This is, indeed, exactly what a French group of investigators recently suggested in a paper in Frontiers in Immunology, 1 and we wish we could believe it. Their study allegedly started with several logical first steps: They enrolled 493 between 2015 and 2023 (quite a long, drawn-out study!) in whom they obtained luteal-phase endometrial biopsies, which were used to perform what the investigators called “endometrial immune profiling.” Without going into too much detail, such profiling involved certain cytokine biomarkers. If this testing revealed an immunological endometrial “dysregulation,” these patients were randomized to standard IVF (no immune treatment) or so-called “personalized” embryo transfer they also called “precision therapy” and, as they explained, adapted to the immune abnormalities found. The primary endpoint of the study was live birth rate in a first embryo transfer.

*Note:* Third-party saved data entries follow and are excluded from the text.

lemma bcoeff_bswap: "bcoeff (bswap H) i j = bcoeff H j i"
proof (induction H arbitrary: i)
  case 0
  then show ?case by (simp add: bswap_def bsubst_def beval_def bcoeff_def)
next
  case (pCons h H)
  have "bswap [:h:] = poly (map_poly bconst h) varY"
    using beval_pCons[of bconst h 0 varY varX]
    by (simp add: bswap_def bsubst_def is_ring_homD[OF is_ring_hom_bconst]
        is_ring_homD[OF is_ring_hom_beval[OF is_ring_hom_bconst]])
  also have "map_poly bconst h = map_poly (\<lambda>x. [:x:]) (map_poly (\<lambda>x. [:x:]) h)"
    by (simp add: map_poly_map_poly o_def bconst_def[abs_def])
  finally have "bswap [:h:] = map_poly (\<lambda>x. [:x:]) h"
    by (simp add: varY_def pcompose_altdef[symmetric])
  moreover have "bswap (pCons h H) = bswap [:h:] + varX * bswap H"
  proof -
    have "pCons h H = [:h:] + varY * H" by (simp add: varY_def)
    then show ?thesis by (simp add: bswap_def is_ring_homD[OF is_ring_hom_bsubst] bsubst_varY)
  qed
  ultimately show ?case
    using pCons.IH by (cases i) (simp_all add: bcoeff_def varX_def coeff_map_poly)
qed

lemma total_degree_le_bswap: "total_degree_le (bswap H) n \<longleftrightarrow> total_degree_le H n"
  by (metis add.commute bcoeff_bswap total_degree_le_def)

lemma poly_eq_sum_atMost:
  fixes x :: "'a::comm_semiring_1"
  assumes "degree p \<le> N"
  shows "poly p x = (\<Sum>i\<le>N. coeff p i * x ^ i)"
proof -
  have "poly p x = (\<Sum>i\<le>degree p. coeff p i * x ^ i)" by (rule poly_altdef)
  also have "\<dots> = (\<Sum>i\<le>N. coeff p i * x ^ i)"
    by (rule sum.mono_neutral_left) (use assms in \<open>auto simp: coeff_eq_0\<close>)
  finally show ?thesis .
qed

lemma beval_eq_sum:
  assumes c: "is_ring_hom c"
  shows "beval c H a b =
    (\<Sum>j\<le>degree H. (\<Sum>i\<le>degree (coeff H j). c (bcoeff H i j) * a ^ i) * b ^ j)"
proof -
  let ?f = "\<lambda>p. poly (map_poly c p) a"
  have "beval c H a b = (\<Sum>j\<le>degree H. ?f (coeff H j) * b ^ j)"
    unfolding beval_def
    by (subst poly_eq_sum_atMost[OF map_poly_degree_leq]) (simp add: coeff_map_poly)
  also have "\<dots> = (\<Sum>j\<le>degree H. (\<Sum>i\<le>degree (coeff H j). c (bcoeff H i j) * a ^ i) * b ^ j)"
    by (subst poly_eq_sum_atMost[OF map_poly_degree_leq])
      (simp add: c coeff_map_poly is_ring_homD bcoeff_def)
  finally show ?thesis .
qed

lemma degree_beval_le:
  fixes c :: "'a::comm_ring_1 \<Rightarrow> 'b::comm_ring_1 poly"
  assumes c: "is_ring_hom c" and c0: "\<And>x. degree (c x) = 0"
    and a: "degree a \<le> 1" and b: "degree b \<le> 1" and H: "total_degree_le H n"
  shows "degree (beval c H a b) \<le> n"
  unfolding beval_eq_sum[OF c] sum_distrib_right
proof (intro degree_sum_le finite_atMost)
  fix i j
  show "degree (c (bcoeff H i j) * a ^ i * b ^ j) \<le> n"
  proof (cases "bcoeff H i j = 0")
    case True
    then show ?thesis by (simp add: c is_ring_homD)
  next
    case False
    have "degree (c (bcoeff H i j) * a ^ i * b ^ j) \<le> degree (c (bcoeff H i j)) + degree a * i + degree b * j"
      by (intro order.trans[OF degree_mult_le] add_mono order.trans[OF degree_power_le] order.refl
          degree_mult_le[THEN order.trans])
    also have "\<dots> \<le> i + j" using a b c0 by (simp add: add_mono)
    also have "\<dots> \<le> n" using False H by (auto simp: total_degree_le_def)
    finally show ?thesis .
  qed
qed

lemma diff_dvd_power_diff: "x - y dvd x ^ n - (y::'a::comm_ring_1) ^ n"
  unfolding power_diff_sumr2 by simp

lemma diff_dvd_beval_diff_fst:
  assumes "is_ring_hom c"
  shows "a - a' dvd beval c H a b - beval c H a' b"
  unfolding beval_eq_sum[OF assms] sum_subtractf[symmetric] left_diff_distrib[symmetric]
    right_diff_distrib[symmetric]
  by (intro dvd_sum dvd_mult2 dvd_mult diff_dvd_power_diff)

section \<open>The truncated solution series\<close>

text \<open>Along the segment from (A,B) at t = 0 to (A',B') at t = 1 a polynomial of total degree
  at most n becomes a polynomial in t of degree at most n, so its first n + 1 coefficients
  add up to its value at t = 1.\<close>

lemma sum_fps_nth_beval_segment:
  fixes P :: "'a::comm_ring_1 bipoly"
  assumes deg: "total_degree_le P n"
  shows "(\<Sum>i\<le>n. fps_nth (beval fconst P (fps_X * fps_const A' + (1 - fps_X) * fps_const A)
                                      (fps_X * fps_const B' + (1 - fps_X) * fps_const B)) i)
    = bsubst A' B' P"
proof -
  define R where "R = beval (\<lambda>x. [:bconst x:]) P [:A, A' - A:] [:B, B' - B:]"
  have c: "is_ring_hom (\<lambda>x::'a. [:bconst x:])"
    by (rule is_ring_hom_comp[OF is_ring_hom_pCons_const is_ring_hom_bconst])
  have "fps_of_poly R = beval (\<lambda>x. fps_of_poly [:bconst x:]) P
      (fps_of_poly [:A, A' - A:]) (fps_of_poly [:B, B' - B:])"
    unfolding R_def by (rule beval_ring_hom_commute[OF c is_ring_hom_fps_of_poly])
  also have "\<dots> = beval fconst P (fps_X * fps_const A' + (1 - fps_X) * fps_const A)
                                (fps_X * fps_const B' + (1 - fps_X) * fps_const B)"
    by (simp add: fps_of_poly_const fconst_def[abs_def] fps_of_poly_pCons algebra_simps
        flip: fps_const_sub)
  finally have R: "\<dots> = fps_of_poly R" ..
  have "degree R \<le> n"
    unfolding R_def by (rule degree_beval_le[OF c _ _ _ deg]) simp_all
  then have "(\<Sum>i\<le>n. fps_nth (fps_of_poly R) i) = poly R 1"
    by (simp add: poly_eq_sum_atMost)
  also have "\<dots> = bsubst A' B' P"
    unfolding R_def beval_ring_hom_commute[OF c is_ring_hom_poly] by (simp add: bsubst_def)
  finally show ?thesis by (simp add: R)
qed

And the claim then was that the live birth rate with precision care (41.4%) was significantly better than with standard IVF (29.7%; P =0.035), - by no means an impressive difference and especially troubling because the authors noted that the difference was especially notable in patients with morphologically poor embryos and women with 2 or more failed embryo transfers. Our interpretation of these latter associations would, indeed, be that something else but the endometrium may be the problem in these IVF cycles. How can one keep treatment protocols in IVF steady over so many years? And then on top of it, there were all of these individual so-called “precision” treatments which, of course, greatly varied but really only impressed based on their total lack of sophistication: Endometrial scratching, supplementation with hCG in the luteal phase, and advise to have sexual intercourse post-embryo transfer. What kind of “immunological precision medicine is that?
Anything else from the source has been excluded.